Location
- Country: United States
- State: New York
- Counties: Montgomery, Schenectady

Physical characteristics
- • coordinates: 42°50′01″N 74°07′32″W﻿ / ﻿42.8336864°N 74.1256833°W
- Mouth: Mohawk River
- • location: Amsterdam
- • coordinates: 42°56′12″N 74°11′55″W﻿ / ﻿42.93667°N 74.19861°W
- • elevation: 255 ft (78 m)
- Basin size: 32.4 sq mi (84 km^{2})

= South Chuctanunda Creek =

South Chuctanunda Creek is a river in Montgomery and Schenectady counties in the state of New York. It flows into the Mohawk River in Amsterdam.

==History==
On July 3, 1985, Congress approved a project at Amsterdam for work to be done on the Mohawk River and South Chuctanunda Creek. South Chuctanunda Creek was cleared at the upstream end of the project for approximately 950 ft. New flood walls were installed along the right bank of South Chuctanunda Creek and the Mohawk River.

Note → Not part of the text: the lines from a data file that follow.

text \<open>For a one-step recoloring sigma, tau and an edge xy of the loopless graph G,
  the square S(x) tau(xy) ~ sigma(xy) S(y) commutes: at most one of x, y is recoloured, and
  the two sides differ by a backtrack.\<close>
lemma one_step_square:
  assumes gG: "graph VG EG" and loopless: "\<forall>x. \<not> EG x x"
    and gH: "graph VH EH" and mono: "monochromatic_nbhd VH EH"
    and col: "hcoloring VG EG VH EH \<sigma>" "hcoloring VG EG VH EH \<tau>"
    and one: "card {v\<in>VG. \<sigma> v \<noteq> \<tau> v} = 1" and e: "EG x y"
  shows "red (step_walk EH \<sigma> \<tau> x @ [(\<tau> x, \<tau> y)]) = red ([(\<sigma> x, \<sigma> y)] @ step_walk EH \<sigma> \<tau> y)"
proof -
  have xy: "x \<in> VG" "y \<in> VG" "EG y x" using gG e unfolding graph_def by blast+
  obtain w where w: "{v\<in>VG. \<sigma> v \<noteq> \<tau> v} = {w}" using one card_1_singletonE by blast
  have one_recoloured: "\<sigma> x = \<tau> x \<or> \<sigma> y = \<tau> y"
  proof (rule ccontr)
    assume "\<not> (\<sigma> x = \<tau> x \<or> \<sigma> y = \<tau> y)"
    with xy have "x \<in> {w}" "y \<in> {w}" unfolding w[symmetric] by auto
    with loopless e show False by auto
  qed
  have backtrack: "red ([] @ [(a, b), einv (a, b)] @ C) = red C" for a b C
    by (rule red_cancel1) (unfold cancel1_def, blast)
  consider "\<sigma> x = \<tau> x" "\<sigma> y = \<tau> y" | "\<sigma> x = \<tau> x" "\<sigma> y \<noteq> \<tau> y" | "\<sigma> x \<noteq> \<tau> x" "\<sigma> y = \<tau> y"
    using one_recoloured by blast
  then show ?thesis
  proof cases
    case 1
    then show ?thesis by (simp add: step_walk_def)
  next
    case 2
    then have "step_walk EH \<sigma> \<tau> y = [(\<sigma> y, \<sigma> x), (\<sigma> x, \<tau> y)]"
      using step_walk_recoloured[OF gH mono col xy(2) _ xy(3)] by simp
    with 2 backtrack[of "\<sigma> x" "\<sigma> y" "[(\<sigma> x, \<tau> y)]"] show ?thesis
      by (simp add: step_walk_def einv_def)
  next
    case 3
    then have "step_walk EH \<sigma> \<tau> x = [(\<sigma> x, \<sigma> y), (\<sigma> y, \<tau> x)]"
      using step_walk_recoloured[OF gH mono col xy(1) _ e] by simp
    with 3 red_cong[OF backtrack[of "\<sigma> y" "\<tau> x" "[]"], of "[(\<sigma> x, \<sigma> y)]" "[]"] show ?thesis
      by (simp add: step_walk_def einv_def)
  qed
qed

section \<open>Naturality along recoloring sequences and walks\<close>

lemma vertex_walk_single [simp]: "vertex_walk EH [\<sigma>] v = []"
  by (simp add: vertex_walk_def)

lemma vertex_walk_Cons2:
  "vertex_walk EH (\<sigma> # \<tau> # R) v = step_walk EH \<sigma> \<tau> v @ vertex_walk EH (\<tau> # R) v"
proof -
  have "[0..<length (\<sigma> # \<tau> # R) - 1] = 0 # map Suc [0..<length (\<tau> # R) - 1]"
    by (simp add: upt_conv_Cons map_Suc_upt del: upt_Suc)
  then show ?thesis by (simp add: vertex_walk_def comp_def)
qed

lemma recoloring_seq_Cons2:
  assumes "recoloring_seq VG EG VH EH (\<sigma> # \<tau> # R)"
  shows "recoloring_seq VG EG VH EH (\<tau> # R)"
    and "hcoloring VG EG VH EH \<sigma>" "hcoloring VG EG VH EH \<tau>"
    and "card {v\<in>VG. \<sigma> v \<noteq> \<tau> v} = 1"
proof -
  have "card {v \<in> VG. ((\<tau> # R) ! i) v \<noteq> ((\<tau> # R) ! Suc i) v} = 1"
    if "Suc i < length (\<tau> # R)" for i
    using assms that unfolding recoloring_seq_def by (metis Suc_less_eq length_Cons nth_Cons_Suc)
  with assms show "recoloring_seq VG EG VH EH (\<tau> # R)" unfolding recoloring_seq_def by simp
  from assms show "hcoloring VG EG VH EH \<sigma>" "hcoloring VG EG VH EH \<tau>"
    and "card {v\<in>VG. \<sigma> v \<noteq> \<tau> v} = 1"
    unfolding recoloring_seq_def by (auto dest: spec[of _ 0])
qed

lemma edge_square:
  assumes gG: "graph VG EG" and loopless: "\<forall>x. \<not> EG x x"
    and gH: "graph VH EH" and mono: "monochromatic_nbhd VH EH" and e: "EG x y"
    and "recoloring_seq VG EG VH EH S"
  shows "red (vertex_walk EH S x @ [(last S x, last S y)]) = red ([(hd S x, hd S y)] @ vertex_walk EH S y)"
  using assms(6)
proof (induction S rule: induct_list012)
  case (3 \<sigma> \<tau> R)
  note seq = recoloring_seq_Cons2[OF "3.prems"]
  let ?A = "step_walk EH \<sigma> \<tau> x" and ?B = "vertex_walk EH (\<tau> # R) x"
  let ?C = "step_walk EH \<sigma> \<tau> y" and ?D = "vertex_walk EH (\<tau> # R) y"
  have "red (vertex_walk EH (\<sigma> # \<tau> # R) x @ [(last (\<sigma> # \<tau> # R) x, last (\<sigma> # \<tau> # R) y)])
      = red (?A @ (?B @ [(last (\<tau> # R) x, last (\<tau> # R) y)]) @ [])"
    by (simp add: vertex_walk_Cons2)
  also have "\<dots> = red (?A @ ([(\<tau> x, \<tau> y)] @ ?D) @ [])"
    using red_cong[OF "3.IH"(2)[OF seq(1)], of ?A "[]"] by simp
  also have "\<dots> = red ([] @ (?A @ [(\<tau> x, \<tau> y)]) @ ?D)" by simp
  also have "\<dots> = red ([] @ ([(\<sigma> x, \<sigma> y)] @ ?C) @ ?D)"
    using red_cong one_step_square[OF gG loopless gH mono seq(2-4) e] by blast
  also have "\<dots> = red ([(hd (\<sigma> # \<tau> # R) x, hd (\<sigma> # \<tau> # R) y)] @ vertex_walk EH (\<sigma> # \<tau> # R) y)"
    by (simp add: vertex_walk_Cons2)
  finally show ?case .
qed (simp_all add: recoloring_seq_def)

lemma walk_square:
  assumes gG: "graph VG EG" and loopless: "\<forall>x. \<not> EG x x"
    and gH: "graph VH EH" and mono: "monochromatic_nbhd VH EH"
    and S: "recoloring_seq VG EG VH EH S"
  shows "walk EG u W v \<Longrightarrow>
    red (vertex_walk EH S u @ wmap (last S) W) = red (wmap (hd S) W @ vertex_walk EH S v)"
proof (induction W arbitrary: u)
  case (Cons e W)
  obtain x where ex: "e = (u, x)" "EG u x" "walk EG x W v" using Cons.prems by (cases e) auto
  have "red (vertex_walk EH S u @ wmap (last S) (e # W))
      = red ([] @ (vertex_walk EH S u @ [(last S u, last S x)]) @ wmap (last S) W)"
    by (simp add: wmap_def ex)
  also have "\<dots> = red ([] @ ([(hd S u, hd S x)] @ vertex_walk EH S x) @ wmap (last S) W)"
    using red_cong edge_square[OF gG loopless gH mono ex(2) S] by blast
  also have "\<dots> = red ([(hd S u, hd S x)] @ (vertex_walk EH S x @ wmap (last S) W) @ [])" by simp
  also have "\<dots> = red ([(hd S u, hd S x)] @ (wmap (hd S) W @ vertex_walk EH S v) @ [])"
    using red_cong Cons.IH[OF ex(3)] by blast
  also have "\<dots> = red (wmap (hd S) (e # W) @ vertex_walk EH S v)" by (simp add: wmap_def ex)
  finally show ?case .
qed (simp add: wmap_def)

A new wing wall was installed on the left bank of South Chuctanunda Creek at the upstream end of the New York Central Railroad Bridge. The South Chuctanunda was realigned and reshaped for approximately 1056 ft and riprap was added where needed. The existing channel of the South Chuctanunda was slightly reshaped downstream of the Florida Avenue bridge. Construction plans for the project were issued on November 15, 1962. Construction work began on February 25, 1963, with construction being completed on June 4, 1965. The flood walls protect the city of Amsterdam from floods of 122500 cuft/s from the Mohawk River and floods of 3400 cuft/s from South Chuctanunda Creek. The floodwalls were able to prevent $13.6 million in damages from tropical storms Lee and Irene. In July 2012, governor Cuomo announced a project to improve the flood walls on South Chuctanunda Creek and Mohawk River. The floodwalls and river banks were repaired at a cost of $164,248.